-- Extracted data follows --
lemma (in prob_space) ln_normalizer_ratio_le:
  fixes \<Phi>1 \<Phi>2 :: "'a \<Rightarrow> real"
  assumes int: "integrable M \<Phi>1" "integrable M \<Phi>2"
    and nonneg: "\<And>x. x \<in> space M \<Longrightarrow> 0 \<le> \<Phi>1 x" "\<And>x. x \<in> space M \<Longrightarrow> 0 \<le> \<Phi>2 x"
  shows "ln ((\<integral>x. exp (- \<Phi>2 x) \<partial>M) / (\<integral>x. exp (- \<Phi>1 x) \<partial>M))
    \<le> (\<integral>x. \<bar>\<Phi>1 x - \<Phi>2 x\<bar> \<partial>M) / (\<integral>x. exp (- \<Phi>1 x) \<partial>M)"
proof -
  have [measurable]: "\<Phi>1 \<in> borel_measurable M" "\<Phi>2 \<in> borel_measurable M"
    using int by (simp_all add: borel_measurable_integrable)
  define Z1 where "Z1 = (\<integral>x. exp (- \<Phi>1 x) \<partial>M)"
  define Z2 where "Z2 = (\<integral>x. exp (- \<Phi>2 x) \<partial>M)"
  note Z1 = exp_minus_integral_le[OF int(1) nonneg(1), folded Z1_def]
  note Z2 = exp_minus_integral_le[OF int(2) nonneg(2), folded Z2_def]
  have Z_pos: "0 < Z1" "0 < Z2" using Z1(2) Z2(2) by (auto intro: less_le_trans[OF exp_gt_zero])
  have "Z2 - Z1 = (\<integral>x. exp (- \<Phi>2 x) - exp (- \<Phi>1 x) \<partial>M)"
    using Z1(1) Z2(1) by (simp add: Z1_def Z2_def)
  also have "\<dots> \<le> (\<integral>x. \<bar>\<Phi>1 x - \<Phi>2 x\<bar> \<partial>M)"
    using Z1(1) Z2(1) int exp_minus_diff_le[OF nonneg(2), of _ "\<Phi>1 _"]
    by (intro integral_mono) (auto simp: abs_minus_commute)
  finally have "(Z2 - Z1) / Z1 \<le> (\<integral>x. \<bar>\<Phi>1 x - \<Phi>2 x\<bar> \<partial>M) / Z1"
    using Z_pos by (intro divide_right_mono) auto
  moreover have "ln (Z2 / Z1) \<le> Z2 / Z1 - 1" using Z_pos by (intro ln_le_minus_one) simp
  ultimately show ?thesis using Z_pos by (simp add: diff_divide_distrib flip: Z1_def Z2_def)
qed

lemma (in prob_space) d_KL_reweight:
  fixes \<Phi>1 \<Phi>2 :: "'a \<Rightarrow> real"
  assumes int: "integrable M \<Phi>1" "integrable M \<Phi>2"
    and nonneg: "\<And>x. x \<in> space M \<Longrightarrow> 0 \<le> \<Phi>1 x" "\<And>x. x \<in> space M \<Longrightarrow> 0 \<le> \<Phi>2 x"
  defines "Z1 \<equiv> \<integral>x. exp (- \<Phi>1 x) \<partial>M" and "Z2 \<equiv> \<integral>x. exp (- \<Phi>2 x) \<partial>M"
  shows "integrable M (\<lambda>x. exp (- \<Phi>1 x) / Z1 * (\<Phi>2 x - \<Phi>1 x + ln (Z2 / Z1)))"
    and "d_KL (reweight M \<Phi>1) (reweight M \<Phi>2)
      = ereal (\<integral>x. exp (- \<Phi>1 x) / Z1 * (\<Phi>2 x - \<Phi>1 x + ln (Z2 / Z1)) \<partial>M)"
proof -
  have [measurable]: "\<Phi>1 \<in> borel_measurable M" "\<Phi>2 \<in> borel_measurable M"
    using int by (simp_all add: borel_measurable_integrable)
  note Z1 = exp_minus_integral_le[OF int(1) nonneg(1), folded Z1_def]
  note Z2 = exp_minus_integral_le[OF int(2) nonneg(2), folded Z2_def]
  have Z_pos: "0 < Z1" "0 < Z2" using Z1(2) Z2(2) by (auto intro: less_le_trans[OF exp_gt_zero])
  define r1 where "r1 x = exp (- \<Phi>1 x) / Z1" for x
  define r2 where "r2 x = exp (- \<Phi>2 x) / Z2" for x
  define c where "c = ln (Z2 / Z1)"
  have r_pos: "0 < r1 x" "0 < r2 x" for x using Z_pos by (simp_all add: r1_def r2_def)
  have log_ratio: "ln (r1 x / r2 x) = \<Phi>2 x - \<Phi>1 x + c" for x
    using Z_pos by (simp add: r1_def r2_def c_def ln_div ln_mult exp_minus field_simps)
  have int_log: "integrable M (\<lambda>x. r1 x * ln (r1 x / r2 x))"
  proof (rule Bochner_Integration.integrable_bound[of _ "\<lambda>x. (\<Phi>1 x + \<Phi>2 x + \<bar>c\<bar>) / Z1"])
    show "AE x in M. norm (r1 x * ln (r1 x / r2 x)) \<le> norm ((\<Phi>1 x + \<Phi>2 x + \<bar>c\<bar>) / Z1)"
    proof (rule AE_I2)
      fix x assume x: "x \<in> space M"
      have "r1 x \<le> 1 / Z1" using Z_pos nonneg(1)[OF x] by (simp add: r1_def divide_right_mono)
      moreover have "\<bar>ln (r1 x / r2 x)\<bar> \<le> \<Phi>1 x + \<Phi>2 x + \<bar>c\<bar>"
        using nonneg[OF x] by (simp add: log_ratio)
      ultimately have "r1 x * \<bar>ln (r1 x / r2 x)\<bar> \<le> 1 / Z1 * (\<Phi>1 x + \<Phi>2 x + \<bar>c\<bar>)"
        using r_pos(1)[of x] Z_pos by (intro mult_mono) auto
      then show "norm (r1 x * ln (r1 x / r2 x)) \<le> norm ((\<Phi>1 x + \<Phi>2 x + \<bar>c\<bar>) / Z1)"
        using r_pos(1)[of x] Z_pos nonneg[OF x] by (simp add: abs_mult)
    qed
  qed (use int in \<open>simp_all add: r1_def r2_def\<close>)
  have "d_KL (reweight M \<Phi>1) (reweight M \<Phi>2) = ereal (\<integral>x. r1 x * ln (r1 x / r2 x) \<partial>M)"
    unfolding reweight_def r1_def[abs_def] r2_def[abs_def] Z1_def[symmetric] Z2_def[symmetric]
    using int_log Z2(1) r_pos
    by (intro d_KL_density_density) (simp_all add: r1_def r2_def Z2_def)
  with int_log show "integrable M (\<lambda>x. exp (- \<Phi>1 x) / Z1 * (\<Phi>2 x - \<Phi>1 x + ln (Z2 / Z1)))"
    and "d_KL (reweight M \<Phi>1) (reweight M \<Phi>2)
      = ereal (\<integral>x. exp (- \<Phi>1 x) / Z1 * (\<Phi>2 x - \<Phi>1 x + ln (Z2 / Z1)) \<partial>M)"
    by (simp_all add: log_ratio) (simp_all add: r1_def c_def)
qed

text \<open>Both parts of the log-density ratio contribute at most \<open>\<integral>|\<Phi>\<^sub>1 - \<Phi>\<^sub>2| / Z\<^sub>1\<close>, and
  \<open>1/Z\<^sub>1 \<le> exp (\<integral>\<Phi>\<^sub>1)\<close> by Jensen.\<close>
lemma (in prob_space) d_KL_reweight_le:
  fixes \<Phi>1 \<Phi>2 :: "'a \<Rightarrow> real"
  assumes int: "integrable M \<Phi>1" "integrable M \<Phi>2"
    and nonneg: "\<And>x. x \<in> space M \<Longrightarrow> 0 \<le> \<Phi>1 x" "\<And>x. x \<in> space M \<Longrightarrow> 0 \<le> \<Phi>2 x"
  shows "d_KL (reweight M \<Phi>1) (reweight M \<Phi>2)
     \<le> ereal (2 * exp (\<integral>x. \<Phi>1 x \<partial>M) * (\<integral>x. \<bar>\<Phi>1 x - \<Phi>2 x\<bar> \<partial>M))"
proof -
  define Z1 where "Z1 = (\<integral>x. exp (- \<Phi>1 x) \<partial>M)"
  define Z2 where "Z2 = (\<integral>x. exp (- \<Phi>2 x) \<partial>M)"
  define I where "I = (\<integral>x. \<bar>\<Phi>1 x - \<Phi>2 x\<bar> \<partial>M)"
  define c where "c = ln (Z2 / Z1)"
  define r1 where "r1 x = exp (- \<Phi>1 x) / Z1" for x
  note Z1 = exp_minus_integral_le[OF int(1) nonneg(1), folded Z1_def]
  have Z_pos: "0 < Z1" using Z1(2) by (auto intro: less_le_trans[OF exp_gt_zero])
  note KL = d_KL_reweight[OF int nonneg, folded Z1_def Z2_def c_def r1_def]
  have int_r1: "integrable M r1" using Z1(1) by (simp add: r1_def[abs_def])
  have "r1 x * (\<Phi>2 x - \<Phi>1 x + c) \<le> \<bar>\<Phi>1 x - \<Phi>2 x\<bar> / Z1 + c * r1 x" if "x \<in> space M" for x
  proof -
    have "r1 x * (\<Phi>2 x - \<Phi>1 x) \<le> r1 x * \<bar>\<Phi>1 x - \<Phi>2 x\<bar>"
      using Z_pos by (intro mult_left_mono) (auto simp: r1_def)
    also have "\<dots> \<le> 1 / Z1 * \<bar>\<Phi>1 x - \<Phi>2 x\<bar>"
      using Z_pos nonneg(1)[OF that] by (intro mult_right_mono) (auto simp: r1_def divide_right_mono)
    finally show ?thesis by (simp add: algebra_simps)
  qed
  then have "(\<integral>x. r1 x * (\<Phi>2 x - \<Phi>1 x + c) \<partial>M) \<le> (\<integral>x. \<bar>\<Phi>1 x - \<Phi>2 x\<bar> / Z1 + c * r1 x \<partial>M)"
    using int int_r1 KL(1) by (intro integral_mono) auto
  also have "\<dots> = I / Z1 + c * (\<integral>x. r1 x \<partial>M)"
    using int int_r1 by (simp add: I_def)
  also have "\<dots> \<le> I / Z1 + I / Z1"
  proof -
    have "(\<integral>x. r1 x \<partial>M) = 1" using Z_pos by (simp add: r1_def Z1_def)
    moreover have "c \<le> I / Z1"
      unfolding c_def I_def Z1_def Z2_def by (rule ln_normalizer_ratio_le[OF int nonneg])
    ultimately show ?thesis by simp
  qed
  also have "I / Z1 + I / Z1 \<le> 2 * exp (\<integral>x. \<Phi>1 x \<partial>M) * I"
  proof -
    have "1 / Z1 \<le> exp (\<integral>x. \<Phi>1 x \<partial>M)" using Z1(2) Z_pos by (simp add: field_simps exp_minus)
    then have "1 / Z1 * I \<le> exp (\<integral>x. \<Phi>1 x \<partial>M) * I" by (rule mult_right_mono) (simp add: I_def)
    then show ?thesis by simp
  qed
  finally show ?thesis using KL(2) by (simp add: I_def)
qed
-- Extracted data concluded --
Directions for this task
Read through the entries above and copy each line that has the string "open" in it.

Answer area
  qed (use int in \<open>simp_all add: r1_def r2_def\<close>)
text \<open>Both parts of the log-density ratio contribute at most \<open>\<integral>|\<Phi>\<^sub>1 - \<Phi>\<^sub>2| / Z\<^sub>1\<close>, and
  \<open>1/Z\<^sub>1 \<le> exp (\<integral>\<Phi>\<^sub>1)\<close> by Jensen.\<close>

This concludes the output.